We often use Strcpy, I believe that many people know that it is realized, then have you ever thought about writing a strcpy? Under C, it is said that this is a very classic implementation method, simple and clean:
Char * Strcopy2 (Char * Szdst, Const Char * SZSRC)
{
Char * sztemp = szdst;
While (* SZDST = * SZSRC );
SZDST = '/ 0';
Return sztemp;
}
However, due to the implementation of the C language used, it is inevitable that the frame code will cause C to assembly, which is PUSH EBP; MOV EBP, ESP; MOV ESP, EBP; POP EBP, etc. Save and recovery pointers and registers, etc. Operation.
The actual CRT in the CRT is also implemented with compilation, then we can't come to your own strcpy? Of course, I also write it, I will also wear a C's skin :)
__Declspec (naked) char * STRCOPY (Char * SZDST, Const Char * SZSRC)
{
__ASM
{
MOV EAX, [ESP 4] // SZDST
MOV EDX, [ESP 8] // SZSRC
Begin:
MOV CL, BYTE PTR [EDX]
CMP CL, 0x0
Je end
MOV BYTE PTR [EAX], CL
INC EAX
Inc EDX
JMP Begin
End:
MOV Byte Ptr [EAX], 0x0
MOV EAX, [ESP 4]
RET
}
}
Using __DECLSPEC (Naked) precompiled instruction, then the C function will not generate the framework instructions that hate what PUSH EBP, etc. Then recover again? It is useless to produce a lot of useless operation, so I will do it in the above way :)

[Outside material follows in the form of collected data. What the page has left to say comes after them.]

lemma sum_special_residue_diff:
  fixes c :: "nat \<Rightarrow> nat"
  shows "(\<Sum>d<3. special_residue d - special_residue (c d)) = 1 - int (card {d. d < 3 \<and> c d = 0})"
proof -
  have "(\<Sum>d<3. special_residue d - special_residue (c d)) = (\<Sum>d<3. of_bool (d = 0) - of_bool (c d = 0))"
    by (rule sum.cong) (auto simp: special_residue_def)
  also have "\<dots> = 1 - int (card {d. d < 3 \<and> c d = 0})"
    by (simp add: sum_subtractf sum_of_bool_eq lessThan_def Collect_conj_eq lessThan_3)
  finally show ?thesis .
qed

lemma special_sym_cong: "0 < m \<Longrightarrow> [int (special_sym m d) = special_residue d] (mod int m)"
  by (auto simp: special_sym_def special_residue_def cong_iff_dvd_diff of_nat_diff)

lemma band_sym_cong: "[int (band_sym m r c) = int r + int c] (mod int m)"
proof -
  have "[band_sym m r c = r + c] (mod m)"
    by (simp add: band_sym_def cong_def)
  then show ?thesis
    by (simp add: cong_int_iff[symmetric])
qed

lemma Lsym_cong:
  assumes "r < 3 * m" "c < 3 * m"
  shows "[int (Lsym m r c) = int r + int c + cell_defect m r c] (mod int m)"
proof (cases "band_sym m r c = special_sym m (block_class m r c)")
  case True
  have "0 < m"
    using assms by simp
  have "[special_residue (block_class m r c) = int r + int c] (mod int m)"
    using special_sym_cong[OF \<open>0 < m\<close>, of "block_class m r c"] band_sym_cong[of m r c] True
    by (metis cong_sym cong_trans)
  then have "[special_residue (block_class m r c) + cell_defect m r c = int r + int c + cell_defect m r c] (mod int m)"
    using cong_refl by (rule cong_add)
  then have "[special_residue (block_shift m r c) = int r + int c + cell_defect m r c] (mod int m)"
    by (simp add: cell_defect_def True)
  with special_sym_cong[OF \<open>0 < m\<close>] show ?thesis
    using Lsym_eq[OF assms] True by (metis cong_trans)
next
  case False
  then show ?thesis
    using Lsym_eq[OF assms] band_sym_cong by (simp add: cell_defect_def)
qed

lemma Lsq_subset: "Lsq m \<subseteq> {..<3 * m} \<times> {..<3 * m} \<times> {..<3 * m}"
  by (auto simp: Lsq_def Lsym_less)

However, the effect of the actual test shows that the efficiency of the STRCPY function in the CRT library is still relatively high, why is the Strcopy here is not as high as the STRCPY efficiency in the CRT library? What is the reason, please help analyze it!
Several efficiency tests:
1. Use the strcpy function in the CRT library
Int main (int Argc, char * argv [])
{
Char * p1 = "China";
Char P [20];
Printf ("START TIME: 08D / N", GetTickCount ());
For (int i = 0; i <10000000; i ) {
STRCPY (P, P1);
}
Printf ("End Time:% 08D / N", GetTickCount ());
Return 0;
}
The result is:
Start Time: 29515000
End Time: 29515120
Time: 120ms;
II. Use the above strcopy function, that is, my own assembly implementation:
Change the strcpy function in the test program to implement the strcopy function for my own, as:
Start Time: 29540947
End Time: 29541147
Time: 200ms;
3. Use the strcopy2 function written by the above pure C:
Changing the strcpy function in the test program is the defined Strcopy2 function, resulting: start time: 29727525
End Time: 29728327
Time-consuming: 805ms.
From the time consumption, it is obviously the best in the CRT library, and my implementation is the second, the performance is the use of pure C, Strcopy2.
Didn't see the implementation of the strcpy in the CRT library, can you tell me what is going on first, why is my Strcopy efficiency compare? Thank you!